23. September 2017 Fritzen

HOOL

Ein so vehementes Debüt, wie es Philipp Winkler mit seinem Hooligan-Roman gelang, hat es lange nicht mehr gegeben. Das Buch, so die FAZ, treffe wie ein Schlag; endlich gäbe es wieder einen Roman, der von deutscher Wirklichkeit erzähle. Das Schauspiel Hannover ließ sich die tolle Story, die vor der eigenen Haustür spielt, nicht entgehen und hat sie dramatisiert.

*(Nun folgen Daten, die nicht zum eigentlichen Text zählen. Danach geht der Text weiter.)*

text \<open>Since \<kappa>_(S \<union> {i})(x, x') = \<kappa>_S(x, x') \<cdot> exp(-\<gamma> (x_i - x'_i)^2) and x_i is independent of
  (y, x_S), the left-hand side factorises as E[y y' \<kappa>_S] \<cdot> E[exp(-\<gamma> (x_i - x'_i)^2)], and the
  second factor lies in [0, 1]. It remains to show E[y y' \<kappa>_S] \<ge> 0, i.e. that the Gaussian kernel
  is positive semidefinite: completing the square gives \<kappa>_S(x, x') = c \<integral> \<phi>(x, w) \<phi>(x', w) dw with
  c > 0 and \<phi>(x, w) = \<Prod>_(j \<in> S) exp(-2\<gamma> (x_j - w_j)^2), so by Fubini
  E[y y' \<kappa>_S] = c \<integral> E[y \<phi>(x, w)]^2 dw.\<close>

lemma
  fixes f g :: "_ \<Rightarrow> real"
  assumes "sigma_finite_measure M1" "sigma_finite_measure M2" "integrable M1 f" "integrable M2 g"
  shows integrable_pair_measure_mult: "integrable (M1 \<Otimes>\<^sub>M M2) (\<lambda>(x, y). f x * g y)"
    and integral_pair_measure_mult:
      "(\<integral>(x, y). f x * g y \<partial>(M1 \<Otimes>\<^sub>M M2)) = integral\<^sup>L M1 f * integral\<^sup>L M2 g"
proof -
  interpret pair_sigma_finite M1 M2 using assms(1,2) by (simp add: pair_sigma_finite_def)
  have [measurable]: "f \<in> borel_measurable M1" "g \<in> borel_measurable M2" using assms by auto
  show int: "integrable (M1 \<Otimes>\<^sub>M M2) (\<lambda>(x, y). f x * g y)"
  proof (rule Fubini_integrable)
    have "integrable M1 (\<lambda>x. \<bar>f x\<bar> * (\<integral>y. \<bar>g y\<bar> \<partial>M2))"
      using assms(3) by (intro integrable_mult_left integrable_abs)
    then show "integrable M1 (\<lambda>x. \<integral>y. norm ((\<lambda>(x, y). f x * g y) (x, y)) \<partial>M2)"
      by (simp add: abs_mult)
    show "AE x in M1. integrable M2 (\<lambda>y. (\<lambda>(x, y). f x * g y) (x, y))"
      using assms(4) by auto
  qed measurable
  show "(\<integral>(x, y). f x * g y \<partial>(M1 \<Otimes>\<^sub>M M2)) = integral\<^sup>L M1 f * integral\<^sup>L M2 g"
    using integral_fst'[OF int, symmetric] by simp
qed

lemma (in prob_space) indep_var_rectangleI:
  assumes X: "random_variable MX X" and Z: "random_variable MZ Z"
    and rect: "\<And>A B. A \<in> sets MX \<Longrightarrow> B \<in> sets MZ \<Longrightarrow>
      prob {\<omega> \<in> space M. X \<omega> \<in> A \<and> Z \<omega> \<in> B} = prob {\<omega> \<in> space M. X \<omega> \<in> A} * prob {\<omega> \<in> space M. Z \<omega> \<in> B}"
  shows "indep_var MX X MZ Z"
proof -
  have preimages: "sigma_sets (space M) {V -` A \<inter> space M |A. A \<in> sets N} = {V -` A \<inter> space M |A. A \<in> sets N}"
    if "V \<in> measurable M N" for V :: "'a \<Rightarrow> 'c" and N
  proof -
    have "V \<in> space M \<rightarrow> space N" using measurable_space[OF that] by auto
    from sigma_sets_vimage_commute[OF this, of "sets N"] show ?thesis
      by (simp add: sets.sigma_sets_eq)
  qed
  show ?thesis
    unfolding indep_var_eq indep_sets2_eq preimages[OF X] preimages[OF Z]
  proof (intro conjI X Z ballI)
    show "{X -` A \<inter> space M |A. A \<in> sets MX} \<subseteq> events" "{Z -` B \<inter> space M |B. B \<in> sets MZ} \<subseteq> events"
      using X Z by (auto simp: measurable_sets)
    fix a b assume "a \<in> {X -` A \<inter> space M |A. A \<in> sets MX}" "b \<in> {Z -` B \<inter> space M |B. B \<in> sets MZ}"
    then obtain A B where "a = X -` A \<inter> space M" "A \<in> sets MX" "b = Z -` B \<inter> space M" "B \<in> sets MZ"
      by blast
    with rect show "prob (a \<inter> b) = prob a * prob b"
      by (simp add: Int_def vimage_def conj_commute conj_left_commute)
  qed
qed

Heiko ist Hannoveraner Hool, was bedeutet, Braunschweig ist der Feind und das einzig lohnende Ziel heißt, die eigene Rotte berühmt zu machen und Hannover mit Tritten und Schlägen „auf die Landkarte zu setzen“. Winklers Protagonist erzählt von den Schlachten als einzigem Höhepunkt eines öden Lebens. Er berichtet dies in so authentischem Ton, dass alle Welt rätselte, ob der Autor das alles so wirklich erlebt oder einfach einen exzellent recherchierten Roman geschrieben hat. Der Text fasziniert, weil er den Zugang öffnet zu einer verschlossenen Welt hinter den sprachlosen Masken der Gewalt. Ein ungerichteter Zorn tobt in Heiko, den er weder verbergen noch kontrollieren kann. Seine Mutter hat sich aus dem Staub gemacht, der Vater ist ein hoffnungsloser Trinker. Die Hooligans sind wie eine zweite, die eigentliche Familie. Eine Gemeinschaft, mit der man säuft, mit der man prügelt, nach dem Motto: Das Leben ist Kampf!
> Hool ist ein aufwühlend realistischer Roman, einer der packendsten der letzten Jahre. Wie gemacht für die Bühne.